The art of knitting stockings would be much older in Germany than in France or in England; and Chatterton, at any rate, would be freed from the charge of committing an anachronism, were it true, as Micrælius wrote in the year 1639, that the consort of the duke of Pomerania, who died in 1417, when she could no longer sew or embroider amused herself with knitting[907]. But it is very probable that this good man committed an anachronism, like Chatterton; and, in order to show the industry of the duchess, named those occupations which were usual in his own time.

In Germany, as far as I know at present, stocking-knitters occur for the first time about the middle of the sixteenth century, under the name of hosenstricker, a term which in Lower Saxony is still not uncommon. At Hamburg the people say hasenknütter, and use the word hase for stockings. In Berlin there were stocking-knitters about the year 1590. In many countries they had a particular guild; and this is the case at present in the duchy of Wirtemberg, where they are entirely different from those who work at the loom, and who are called stocking-weavers. Each have their own regulations, in which it is ordered that the stocking-knitters shall wear no articles wove, that is knit, in a loom, and the stocking-weavers no articles knit with the hand.
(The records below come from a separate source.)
(* Let $\langle P_0;\le_0\rangle$ and $\langle P_1;\le_1\rangle$ be bounded ordered sets and let $\psi\colon P_0\to P_1$ be a $0$-separating $\{0,1\}$-preserving monotone map. Then there exist a bounded lattice $L_1$, a $\{0,1\}$-sublattice $L_0$ of $L_1$, and order isomorphisms $\xi_0\colon\langle P_0;\le_0\rangle\to\langle\mathrm{Princ}(L_0);\subseteq\rangle$ and $\xi_1\colon\langle P_1;\le_1\rangle\to\langle\mathrm{Princ}(L_1);\subseteq\rangle$ such that $\psi=\xi_1^{-1}\circ\zeta_{L_0,L_1}\circ\xi_0$.
   Context: An ordered set is bounded if it has a least element $0$ and a greatest element $1$; a lattice is bounded if it has $0$ and $1$. For bounded ordered sets $P,Q$, a map $\psi\colon P\to Q$ is a $\{0,1\}$-preserving monotone map if $\psi(0_P)=0_Q$, $\psi(1_P)=1_Q$ and $x\le_P y$ implies $\psi(x)\le_Q\psi(y)$; it is $0$-separating if moreover $\psi^{-1}(0_Q)=\{0_P\}$. For a lattice $L$ and $x,y\in L$, $\mathrm{con}_L(x,y)$ denotes the smallest congruence of $L$ containing $(x,y)$, and $\mathrm{Princ}(L)$ is the set of such principal congruences of $L$, ordered by inclusion. A $\{0,1\}$-sublattice of a bounded lattice $L$ is a sublattice containing $0_L$ and $1_L$. For a $\{0,1\}$-sublattice $L_0$ of $L_1$, $\zeta_{L_0,L_1}\colon\mathrm{Princ}(L_0)\to\mathrm{Princ}(L_1)$ is defined by $\mathrm{con}_{L_0}(x,y)\mapsto\mathrm{con}_{L_1}(x,y)$. Maps are composed right to left. *)

theory Defs
  imports Main
begin

definition partial_order_on' :: "'a set \<Rightarrow> ('a \<Rightarrow> 'a \<Rightarrow> bool) \<Rightarrow> bool" where
  "partial_order_on' P le \<longleftrightarrow>
     (\<forall>x\<in>P. le x x) \<and>
     (\<forall>x\<in>P. \<forall>y\<in>P. le x y \<and> le y x \<longrightarrow> x = y) \<and>
     (\<forall>x\<in>P. \<forall>y\<in>P. \<forall>z\<in>P. le x y \<and> le y z \<longrightarrow> le x z)"

definition is_least :: "'a set \<Rightarrow> ('a \<Rightarrow> 'a \<Rightarrow> bool) \<Rightarrow> 'a \<Rightarrow> bool" where
  "is_least P le a \<longleftrightarrow> a \<in> P \<and> (\<forall>x\<in>P. le a x)"

definition is_greatest :: "'a set \<Rightarrow> ('a \<Rightarrow> 'a \<Rightarrow> bool) \<Rightarrow> 'a \<Rightarrow> bool" where
  "is_greatest P le a \<longleftrightarrow> a \<in> P \<and> (\<forall>x\<in>P. le x a)"

definition bounded_ordered_set :: "'a set \<Rightarrow> ('a \<Rightarrow> 'a \<Rightarrow> bool) \<Rightarrow> bool" where
  "bounded_ordered_set P le \<longleftrightarrow> partial_order_on' P le \<and>
     (\<exists>a. is_least P le a) \<and> (\<exists>b. is_greatest P le b)"

definition is_lub :: "'a set \<Rightarrow> ('a \<Rightarrow> 'a \<Rightarrow> bool) \<Rightarrow> 'a \<Rightarrow> 'a \<Rightarrow> 'a \<Rightarrow> bool" where
  "is_lub L le x y s \<longleftrightarrow> s \<in> L \<and> le x s \<and> le y s \<and> (\<forall>z\<in>L. le x z \<and> le y z \<longrightarrow> le s z)"

definition is_glb :: "'a set \<Rightarrow> ('a \<Rightarrow> 'a \<Rightarrow> bool) \<Rightarrow> 'a \<Rightarrow> 'a \<Rightarrow> 'a \<Rightarrow> bool" where
  "is_glb L le x y s \<longleftrightarrow> s \<in> L \<and> le s x \<and> le s y \<and> (\<forall>z\<in>L. le z x \<and> le z y \<longrightarrow> le z s)"

definition is_lattice :: "'a set \<Rightarrow> ('a \<Rightarrow> 'a \<Rightarrow> bool) \<Rightarrow> bool" where
  "is_lattice L le \<longleftrightarrow> partial_order_on' L le \<and>
     (\<forall>x\<in>L. \<forall>y\<in>L. (\<exists>s. is_lub L le x y s) \<and> (\<exists>m. is_glb L le x y m))"

definition bounded_lattice :: "'a set \<Rightarrow> ('a \<Rightarrow> 'a \<Rightarrow> bool) \<Rightarrow> bool" where
  "bounded_lattice L le \<longleftrightarrow> is_lattice L le \<and>
     (\<exists>a. is_least L le a) \<and> (\<exists>b. is_greatest L le b)"

definition ljoin :: "'a set \<Rightarrow> ('a \<Rightarrow> 'a \<Rightarrow> bool) \<Rightarrow> 'a \<Rightarrow> 'a \<Rightarrow> 'a" where
  "ljoin L le x y = (THE s. is_lub L le x y s)"

definition lmeet :: "'a set \<Rightarrow> ('a \<Rightarrow> 'a \<Rightarrow> bool) \<Rightarrow> 'a \<Rightarrow> 'a \<Rightarrow> 'a" where
  "lmeet L le x y = (THE m. is_glb L le x y m)"

definition zo_sublattice :: "'a set \<Rightarrow> 'a set \<Rightarrow> ('a \<Rightarrow> 'a \<Rightarrow> bool) \<Rightarrow> bool" where
  "zo_sublattice L0 L1 le \<longleftrightarrow> L0 \<subseteq> L1 \<and>
     (\<forall>x\<in>L0. \<forall>y\<in>L0. ljoin L1 le x y \<in> L0 \<and> lmeet L1 le x y \<in> L0) \<and>
     (\<forall>a. is_least L1 le a \<longrightarrow> a \<in> L0) \<and>
     (\<forall>b. is_greatest L1 le b \<longrightarrow> b \<in> L0)"

definition lattice_congruence :: "'a set \<Rightarrow> ('a \<Rightarrow> 'a \<Rightarrow> bool) \<Rightarrow> ('a \<times> 'a) set \<Rightarrow> bool" where
  "lattice_congruence L le \<theta> \<longleftrightarrow> equiv L \<theta> \<and>
     (\<forall>a b c d. (a, b) \<in> \<theta> \<and> (c, d) \<in> \<theta> \<longrightarrow>
        (ljoin L le a c, ljoin L le b d) \<in> \<theta> \<and> (lmeet L le a c, lmeet L le b d) \<in> \<theta>)"

definition con :: "'a set \<Rightarrow> ('a \<Rightarrow> 'a \<Rightarrow> bool) \<Rightarrow> 'a \<Rightarrow> 'a \<Rightarrow> ('a \<times> 'a) set" where
  "con L le x y = \<Inter> {\<theta>. lattice_congruence L le \<theta> \<and> (x, y) \<in> \<theta>}"

definition Princ :: "'a set \<Rightarrow> ('a \<Rightarrow> 'a \<Rightarrow> bool) \<Rightarrow> ('a \<times> 'a) set set" where
  "Princ L le = {con L le x y | x y. x \<in> L \<and> y \<in> L}"

definition order_iso_Princ ::
  "'b set \<Rightarrow> ('b \<Rightarrow> 'b \<Rightarrow> bool) \<Rightarrow> 'a set \<Rightarrow> ('a \<Rightarrow> 'a \<Rightarrow> bool) \<Rightarrow> ('b \<Rightarrow> ('a \<times> 'a) set) \<Rightarrow> bool" where
  "order_iso_Princ P leP L le \<xi> \<longleftrightarrow> bij_betw \<xi> P (Princ L le) \<and>
     (\<forall>x\<in>P. \<forall>y\<in>P. leP x y \<longleftrightarrow> \<xi> x \<subseteq> \<xi> y)"

end

theory Submission
  imports Defs
begin

text \<open>
  From colour data -- a set \<open>I\<close> of colours, directed edges \<open>G\<close>, symmetric edges \<open>Sy\<close>
  and witnessed colours \<open>Wt\<close> -- we build a finite-height ``gadget'' lattice: the bounds, an \<open>M\<^sub>3\<close>,
  a prime interval \<open>a\<^sub>i < b\<^sub>i\<close> for every colour, the joins needed by the edges, and a relative
  complement of \<open>b\<^sub>i\<close> for every witnessed colour. Its principal congruences are exactly the
  identity, the full relation and one congruence per colour. A directed edge \<open>(i, j)\<close> forces
  colour \<open>i\<close> below colour \<open>j\<close>, a symmetric edge identifies two colours, a witness makes a colour
  full, and kernels of collapsing maps for admissible sets of colours show that nothing else
  is forced. Using the inner elements of \<open>P\<^sub>0\<close> as colours (with the strict order as edges) gives
  \<open>L\<^sub>0\<close> with \<open>Princ L\<^sub>0 \<cong> P\<^sub>0\<close>; adding the inner elements of \<open>P\<^sub>1\<close>, symmetric edges \<open>p \<longleftrightarrow> \<psi> p\<close> and
  witnesses for \<open>\<psi> p = 1\<close> gives \<open>L\<^sub>1 \<supseteq> L\<^sub>0\<close> with \<open>Princ L\<^sub>1 \<cong> P\<^sub>1\<close>, and \<open>\<zeta>\<close> becomes \<open>\<psi>\<close>.
  The gadgets are finally transported along an injective encoding into sets over
  \<open>'a + 'b + nat\<close>; the degenerate case \<open>0 = 1\<close> is realised by the one-element lattice.
\<close>

lemma ljoin_eqI:
  assumes "partial_order_on' M le" "is_lub M le a b s"
  shows "ljoin M le a b = s"
  unfolding ljoin_def
proof (rule the_equality)
  fix t assume "is_lub M le a b t"
  then have "t \<in> M" "s \<in> M" "le t s" "le s t" using assms(2) unfolding is_lub_def by auto
  then show "t = s" using assms(1) unfolding partial_order_on'_def by blast
qed (rule assms(2))

lemma lmeet_eqI:
  assumes "partial_order_on' M le" "is_glb M le a b s"
  shows "lmeet M le a b = s"
  unfolding lmeet_def
proof (rule the_equality)
  fix t assume "is_glb M le a b t"
  then have "t \<in> M" "s \<in> M" "le t s" "le s t" using assms(2) unfolding is_glb_def by auto
  then show "t = s" using assms(1) unfolding partial_order_on'_def by blast
qed (rule assms(2))

lemma ljoin_lub:
  assumes "is_lattice M le" "a \<in> M" "b \<in> M"
  shows "is_lub M le a b (ljoin M le a b)"
proof -
  obtain s where s: "is_lub M le a b s" using assms unfolding is_lattice_def by blast
  moreover have "partial_order_on' M le" using assms(1) unfolding is_lattice_def by blast
  ultimately have "ljoin M le a b = s" by (rule ljoin_eqI[rotated])
  with s show ?thesis by simp
qed

lemma lmeet_glb:
  assumes "is_lattice M le" "a \<in> M" "b \<in> M"
  shows "is_glb M le a b (lmeet M le a b)"
proof -
  obtain m where m: "is_glb M le a b m" using assms unfolding is_lattice_def by blast
  moreover have "partial_order_on' M le" using assms(1) unfolding is_lattice_def by blast
  ultimately have "lmeet M le a b = m" by (rule lmeet_eqI[rotated])
  with m show ?thesis by simp
qed

lemma ljoin_closed: "is_lattice M le \<Longrightarrow> a \<in> M \<Longrightarrow> b \<in> M \<Longrightarrow> ljoin M le a b \<in> M"
  using ljoin_lub[of M le a b] unfolding is_lub_def by simp

lemma lmeet_closed: "is_lattice M le \<Longrightarrow> a \<in> M \<Longrightarrow> b \<in> M \<Longrightarrow> lmeet M le a b \<in> M"
  using lmeet_glb[of M le a b] unfolding is_glb_def by simp

lemma ljoin_commute: "is_lattice M le \<Longrightarrow> a \<in> M \<Longrightarrow> b \<in> M \<Longrightarrow> ljoin M le a b = ljoin M le b a"
  using ljoin_lub[of M le b a] by (intro ljoin_eqI) (auto simp: is_lattice_def is_lub_def)

lemma lmeet_commute: "is_lattice M le \<Longrightarrow> a \<in> M \<Longrightarrow> b \<in> M \<Longrightarrow> lmeet M le a b = lmeet M le b a"
  using lmeet_glb[of M le b a] by (intro lmeet_eqI) (auto simp: is_lattice_def is_glb_def)

text \<open>The congruence generated by a pair is the intersection of all congruences containing it;
  in a lattice the full relation is a congruence, so this intersection is itself a congruence.\<close>

lemma full_relation_congruence: "is_lattice L le \<Longrightarrow> lattice_congruence L le (L \<times> L)"
  unfolding lattice_congruence_def
  by (auto simp: equiv_def refl_on_def sym_def trans_def intro: ljoin_closed lmeet_closed)

lemma con_congruence:
  assumes "is_lattice L le" "x \<in> L" "y \<in> L"
  shows "lattice_congruence L le (con L le x y)"
proof -
  define \<Theta> where "\<Theta> = {\<theta>. lattice_congruence L le \<theta> \<and> (x, y) \<in> \<theta>}"
  have full: "L \<times> L \<in> \<Theta>" using full_relation_congruence[OF assms(1)] assms by (auto simp: \<Theta>_def)
  have "equiv L (\<Inter>\<Theta>)"
  proof (rule equivI)
    show "\<Inter>\<Theta> \<subseteq> L \<times> L" using full by blast
    show "refl_on L (\<Inter>\<Theta>)"
      unfolding refl_on_def by (auto simp: \<Theta>_def lattice_congruence_def equiv_def refl_on_def)
    show "sym (\<Inter>\<Theta>)"
      unfolding sym_def by (auto simp: \<Theta>_def lattice_congruence_def equiv_def sym_def)
    show "trans (\<Inter>\<Theta>)"
      unfolding trans_def by (auto simp: \<Theta>_def lattice_congruence_def equiv_def dest: transD)
  qed
  moreover have "\<forall>a b c d. (a, b) \<in> \<Inter>\<Theta> \<and> (c, d) \<in> \<Inter>\<Theta> \<longrightarrow>
      (ljoin L le a c, ljoin L le b d) \<in> \<Inter>\<Theta> \<and> (lmeet L le a c, lmeet L le b d) \<in> \<Inter>\<Theta>"
    by (auto simp: \<Theta>_def lattice_congruence_def)
  ultimately show ?thesis unfolding lattice_congruence_def con_def \<Theta>_def by blast
qed

lemma con_mem: "is_lattice L le \<Longrightarrow> x \<in> L \<Longrightarrow> y \<in> L \<Longrightarrow> (x, y) \<in> con L le x y"
  unfolding con_def by (rule InterI) simp

lemma con_least: "lattice_congruence L le \<theta> \<Longrightarrow> (x, y) \<in> \<theta> \<Longrightarrow> con L le x y \<subseteq> \<theta>"
  unfolding con_def by (rule Inter_lower) simp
That knitting however may be left free, as an occasional occupation to every one, the following words are inserted in the regulations of the stocking-knitters:—“Poor people, who through want of other means procure a subsistence by knitting stockings, and those who at the gates keep watch for themselves or others, and at the same time knit, shall be at liberty to wear whatever they make with their own hands.”

The German terms of art which relate to knitting are older than the art itself, for they are all borrowed from the making of nets; knütten, knüteisen, knütholz, knütspan, stricken and stricknadel, and also maschen, are all terms which occur in the fishing-regulations of Brandenburg for the year 1574, and no doubt earlier. The tricoter of the French had the same origin as the German word stricken: Trica was a lock of hair, a noose; and tricare signified to entangle, and deceive. Lacer is derived from laqs, a rope, a noose; and this comes from laqueus. The English word stocking is derived from stock, truncus, the trunk of a tree, a word still retained by the German foresters, who in the Low German speak of rooting out stocks.

Silk stockings, however, in consequence of their high price, were for a long time used only on very grand occasions. Henry II., king of France, wore such stockings for the first time at the marriage of his sister with the duke of Savoy in 1559[908]. In the reign of Henry III., who ascended the throne in 1575, the consort of Geoffroy Camus de Pontcarre, who held a high office in the state, would not wear silk stockings given to her by a nurse, who lived at court, as a Christmas present, because she considered them to be too gay. In the year 1569, when the privy-counsellor Barthold von Mandelsloh, who had been envoy to many diets and courts, appeared on a week-day at court with silk stockings which he had brought from Italy, the margrave John of Custrin said to him, “Barthold, I have silk stockings also; but I wear them only on Sundays and holidays.” The celebrated Leonard Thurneisser, however, who lived at the court of Brandenburg about the end of the sixteenth century, wore silk stockings daily, and in general dressed very magnificently in silk and velvet.